Now, knowing all this, you would think that I would avoid this time of day to take my car out. Yes, you would think that and in fact I usually do keep one eye on the clock, however yesterday I loaded the dog blindly into the car, my mind on some other approaching task, and it wasn’t until I had started the engine and looked up that I realised that I had picked exactly the peak time for the school run. Worse still, I was pointing up Robinghood High Street and could not turn out of the drive in the other direction because the way was blocked by parked cars opposite.

Undeterred I set off, noting as I pulled out, eventually, that the school bus was collecting children outside the school, but I hadn’t reached that point yet. Cars forged towards me and I dodged into gaps between parked cars, berating myself for my lack of planning. Eventually I reached the spot, right outside school and directly behind the bus. On the pavements, parents milled and gossiped. Parents of children with whom I work.

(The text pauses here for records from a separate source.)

lemma prob_indep_var_Int:
  assumes "indep_var Ma X Mb Y" "SA \<in> sets Ma" "SB \<in> sets Mb"
  shows "prob ((X -` SA \<inter> space M) \<inter> (Y -` SB \<inter> space M)) =
    prob (X -` SA \<inter> space M) * prob (Y -` SB \<inter> space M)"
proof -
  have "prob (\<Inter>i\<in>UNIV. case_bool X Y i -` case_bool SA SB i \<inter> space M) =
      (\<Prod>i\<in>UNIV. prob (case_bool X Y i -` case_bool SA SB i \<inter> space M))"
    using assms by (intro indep_varsD[OF assms(1)[unfolded indep_var_def]]) (auto split: bool.split)
  then show ?thesis
    by (simp add: UNIV_bool Int_commute mult.commute)
qed

lemma prob_pos_eq_0:
  fixes X :: "'a \<Rightarrow> real"
  assumes "X \<in> borel_measurable M" "\<And>u. 0 < u \<Longrightarrow> prob {w \<in> space M. u < X w} = 0"
  shows "prob {w \<in> space M. 0 < X w} = 0"
proof -
  have "0 < X w \<longleftrightarrow> (\<exists>k. inverse (Suc k) < X w)" for w
    using reals_Archimedean[of "X w"] by (auto intro: less_trans[rotated])
  then have "{w \<in> space M. 0 < X w} = (\<Union>k. {w \<in> space M. inverse (Suc k) < X w})"
    by auto
  also have "\<dots> \<in> null_sets M"
    using assms by (intro null_sets_UN null_setsI) (auto simp: emeasure_eq_measure)
  finally show ?thesis
    by (simp add: measure_def null_setsD1)
qed

end

section \<open>The success value\<close>

(* With the rates c of stack_weight: the conditional probability, given the history up to
   the arrival of customer n, that the busy period ends without exceeding b customers. *)
definition success_value ::
    "nat \<Rightarrow> (nat \<Rightarrow> real) \<Rightarrow> (nat \<Rightarrow> real) \<Rightarrow> (nat \<Rightarrow> real) \<Rightarrow> nat \<Rightarrow> ennreal" where
  "success_value b c A S n =
     (if ended_within_bound b A S n then 1 else 0) +
     (if within_bound b A S n then ennreal (stack_weight c (lcfs_stack A S n)) else 0)"

lemma success_value_Suc:
  "success_value b c A S (Suc n) =
     (if ended_within_bound b A S n then 1 else 0) +
     (if within_bound b A S n then success_value b c A S (Suc n) else 0)"
  using not_within_bound_if_ended[of b A S n]
  by (auto simp: success_value_def ended_within_bound_Suc within_bound_Suc)

lemma success_value_after_arrival:
  assumes "within_bound b A S n"
  shows "success_value b c (A(n := a)) (S(Suc n := s)) (Suc n) =
    (let ys = lcfs_serve (lcfs_stack A S n) a in
     if ys = [] then 1 else if length ys < b then ennreal (stack_weight c (s # ys)) else 0)"
proof -
  let ?A = "A(n := a)" and ?S = "S(Suc n := s)"
  have stack: "lcfs_stack ?A ?S n = lcfs_stack A S n"
    by (rule lcfs_stack_cong) auto
  have within: "within_bound b ?A ?S n"
    using assms within_bound_cong[of n ?A A ?S S b] by auto
  have "\<not> ended_within_bound b ?A ?S n"
    using not_within_bound_if_ended within by blast
  then show ?thesis
    using within by (simp add: success_value_def ended_within_bound_Suc within_bound_Suc stack Let_def)
qed

lemma ended_le_success_value:
  "(if ended_within_bound b A S n then 1 else 0) \<le> success_value b c A S n"
  by (simp add: success_value_def)
(* Let $p>1$, $n\in\mathbb{N}$ and $\mathbf{k}$ as below. The entropy density $f_{p,\mathbf{k},n}(\alpha)$ is non-increasing in $\alpha\in(0,\infty)$: if $0<\alpha_1<\alpha_2$ then $f_{p,\mathbf{k},n}(\alpha_1)\ge f_{p,\mathbf{k},n}(\alpha_2)$.
   Context: $\mathbf{k}=(k_1,\dots,k_{m+1})$ integers with $0=k_1<\cdots<k_{m+1}=n$. For $\mathbf{x}\in\mathbb{R}^n$ put $\mathbf{x}_j=(x_{k_j+1},\dots,x_{k_{j+1}})$, $\|\mathbf{x}\|_{p,\mathbf{k},n}=(\sum_{j=1}^m\|\mathbf{x}_j\|_2^p)^{1/p}$ ($\|\cdot\|_2$ Euclidean norm), $d(\mathbf{x},\mathbf{y})=\|\mathbf{y}-\mathbf{x}\|_{p,\mathbf{k},n}$, $B(\mathbf{x},r)=\{\mathbf{y}:d(\mathbf{x},\mathbf{y})\le r\}$, and $r_n$ is the radius with $\mathrm{vol}(B(\mathbf 0,r_n))=1$. For bounded measurable $S\subseteq\mathbb{R}^n$ and integer $t\ge1$ let $\hat Z_S(t)=\frac1{t!}\int_{S^t}\mathbf 1[d(\mathbf{x}_i,\mathbf{x}_j)\ge2r_n\ \forall i\ne j]\,d\mathbf{x}_1\cdots d\mathbf{x}_t$, $\hat Z_S(0)=1$. With $V=V(R)=\mathrm{vol}(B(\mathbf 0,R))=(R/r_n)^n$, the entropy density is $$f_{p,\mathbf{k},n}(\alpha)=\lim_{R\to\infty}\frac{1}{\alpha V}\log\frac{\hat Z_{B(\mathbf 0,R)}(\lfloor\alpha V\rfloor)}{V^{\lfloor\alpha V\rfloor}/\lfloor\alpha V\rfloor!}$$ (interpreted as $\liminf$ if the limit does not exist, with the convention $\log0=-\infty$, so values lie in $[-\infty,\infty)$). *)

theory Defs
  imports "HOL-Analysis.Analysis" "HOL-Probability.Probability"
begin

text \<open>Points of R^n are functions nat => real extensional on {..<n} (coordinates
 indexed 0..n-1). The block vector k is given by k 0 = 0 < k 1 < ... < k m = n;
 block j (j < m) consists of coordinates k j, ..., k (j+1) - 1.\<close>

definition Rn :: "nat \<Rightarrow> (nat \<Rightarrow> real) measure" where
  "Rn n = PiM {..<n} (\<lambda>_. lborel)"

definition vol :: "nat \<Rightarrow> (nat \<Rightarrow> real) set \<Rightarrow> real" where
  "vol n S = measure (Rn n) S"
(* Let $N$ be a finite set and let $s:2^N\to\mathbb{R}$ be a set function whose type-4 Fourier support is $\mathrm{supp}(\widehat{s})=\{B\subseteq N:\widehat{s}^{(4)}_B\neq 0\}=\{B_1,\dots,B_k\}=\mathcal{B}$ (with $B_1,\dots,B_k$ distinct). Let $\mathcal{A}=\{N\setminus B_1,\dots,N\setminus B_k\}$. Let $F^{-1}$ denote the $2^{|N|}\times 2^{|N|}$ matrix $[\mathbb{1}_{A\cap B=\emptyset}]_{A,B\subseteq N}$ (row index $A$, column index $B$), and let $T=(F^{-1})_{\mathcal{A}\mathcal{B}}$ be its submatrix with rows in $\mathcal{A}$ and columns in $\mathcal{B}$. Then $T$ is invertible and $$\mathbf{s}=\big((F^{-1})_{2^N\mathcal{B}}\,T^{-1}\big)\,\mathbf{s}_{\mathcal{A}},$$ where $\mathbf{s}=(s_A)_{A\subseteq N}$, $\mathbf{s}_{\mathcal{A}}=(s_A)_{A\in\mathcal{A}}$, and $(F^{-1})_{2^N\mathcal{B}}$ is the submatrix of $F^{-1}$ consisting of the columns indexed by $\mathcal{B}$.
   Context: The type-4 discrete set Fourier transform of $s$ is $\widehat{s}^{(4)}_B=\sum_{A\subseteq N,\,A\cup B=N}(-1)^{|A\cap B|}s_A$ for $B\subseteq N$; its inverse is $s_A=\sum_{B\subseteq N,\,A\cap B=\emptyset}\widehat{s}^{(4)}_B$, i.e., $F^{-1}=[\mathbb{1}_{A\cap B=\emptyset}]_{A,B}$ is the inverse of the type-4 transform matrix. Here $\mathbb{1}_P$ is $1$ if $P$ holds and $0$ otherwise. *)

theory Defs
  imports "HOL-Analysis.Analysis"
begin

text \<open>Set functions on subsets of a finite ground set N are modelled as
  functions s :: 'a set \<Rightarrow> real (only values on subsets of N matter).
  Matrices indexed by families of subsets are modelled as functions
  'a set \<Rightarrow> 'a set \<Rightarrow> real (row index first), restricted to
  explicit finite index families.\<close>

definition fourier4 :: "'a set \<Rightarrow> ('a set \<Rightarrow> real) \<Rightarrow> 'a set \<Rightarrow> real" where
  "fourier4 N s B = (\<Sum>A\<in>{A. A \<subseteq> N \<and> A \<union> B = N}. (-1) ^ card (A \<inter> B) * s A)"

definition fourier4_supp :: "'a set \<Rightarrow> ('a set \<Rightarrow> real) \<Rightarrow> 'a set set" where
  "fourier4_supp N s = {B. B \<subseteq> N \<and> fourier4 N s B \<noteq> 0}"

definition Finv :: "'a set \<Rightarrow> 'a set \<Rightarrow> real" where
  "Finv A B = (if A \<inter> B = {} then 1 else 0)"

definition is_inverse_on :: "'i set \<Rightarrow> 'j set \<Rightarrow> ('i \<Rightarrow> 'j \<Rightarrow> real) \<Rightarrow> ('j \<Rightarrow> 'i \<Rightarrow> real) \<Rightarrow> bool" where
  "is_inverse_on R C T Ti \<longleftrightarrow>
     (\<forall>a\<in>R. \<forall>a'\<in>R. (\<Sum>b\<in>C. T a b * Ti b a') = (if a = a' then 1 else 0)) \<and>
     (\<forall>b\<in>C. \<forall>b'\<in>C. (\<Sum>a\<in>R. Ti b a * T a b') = (if b = b' then 1 else 0))"

end

theory Submission
  imports Defs
begin

(* Write s^ for the type-4 transform.  Substituting A = N - D turns s^_B into the alternating sum
   (-1)^|B| * sum_{D <= B} (-1)^|D| s(N - D), so Moebius inversion on the Boolean lattice gives
   s_X = sum_{B <= N - X} s^_B, i.e. s = F^{-1} s^, and the sum may be restricted to any family
   containing the support.  For A = N - B' the entry F^{-1}_{A,B} is [B <= B'], so T is the
   transposed zeta matrix of the finite poset (supp, <=) with rows reindexed by complementation,
   and the Moebius function of that poset inverts it.  Any inverse of T recovers s^ on the
   support from the samples s_A, A in the complements, and s = F^{-1} s^ reconstructs s. *)

(* Left and right inverses of the zeta matrix [x <= y] on a finite subset P of an order; the
   finiteness guard only serves termination. *)

function moebius_left :: "'a::order set \<Rightarrow> 'a \<Rightarrow> 'a \<Rightarrow> 'b::ring_1" where
  "moebius_left P x y =
     (if x = y then 1
      else if finite P then - (\<Sum>c | c \<in> P \<and> x \<le> c \<and> c < y. moebius_left P x c)
      else 0)"
  by auto
termination
proof (relation "Wellfounded.measure (\<lambda>(P, x, y). card {d \<in> P. d < y})")
  fix P :: "'a set" and x y c :: 'a
  assume "finite P" and "c \<in> {c. c \<in> P \<and> x \<le> c \<and> c < y}"
  then show "((P, x, c), (P, x, y)) \<in> Wellfounded.measure (\<lambda>(P, x, y). card {d \<in> P. d < y})"
    by (auto intro!: psubset_card_mono)
qed auto

function moebius_right :: "'a::order set \<Rightarrow> 'a \<Rightarrow> 'a \<Rightarrow> 'b::ring_1" where
  "moebius_right P x y =
     (if x = y then 1
      else if finite P then - (\<Sum>c | c \<in> P \<and> x < c \<and> c \<le> y. moebius_right P c y)
      else 0)"
  by auto
termination
proof (relation "Wellfounded.measure (\<lambda>(P, x, y). card {d \<in> P. x < d})")
  fix P :: "'a set" and x y c :: 'a
  assume "finite P" and "c \<in> {c. c \<in> P \<and> x < c \<and> c \<le> y}"
  then show "((P, c, y), (P, x, y)) \<in> Wellfounded.measure (\<lambda>(P, x, y). card {d \<in> P. x < d})"
    by (auto intro!: psubset_card_mono)
qed auto

declare moebius_left.simps [simp del] moebius_right.simps [simp del]

lemma moebius_left_eq_0: "\<not> x \<le> y \<Longrightarrow> moebius_left P x y = 0"
  by (subst moebius_left.simps) (auto dest: order_trans intro!: sum.neutral)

Ahead, a lorry had picked this time to deliver something and was reversing into a small lane, holding up the oncoming traffic but leaving no room for me to proceed. I waited resignedly. Meanwhile anarchic pick-up cars were beginning to nose their way back into the traffic. Behind the lorry, vehicles were building up: another lorry, some cars and two buses.

Finally the road was clear and the oncoming traffic began to squeeze past the school bus and then me. One more car, I thought, and I’ll be able to make a little more progress.

Imagine my fury when the final approaching car stopped, in the middle of the road, just in front of the school bus, preventing anyone on my side of the road from moving. The woman, wound down her window and beckoned her children to cross, in front of the bus and get into the car. She did look as though she wanted them to be quick and there were still no cars behind her. One child rushed across but there was another, more dilatory, who was still out of sight and would arrive in goodness knew how long.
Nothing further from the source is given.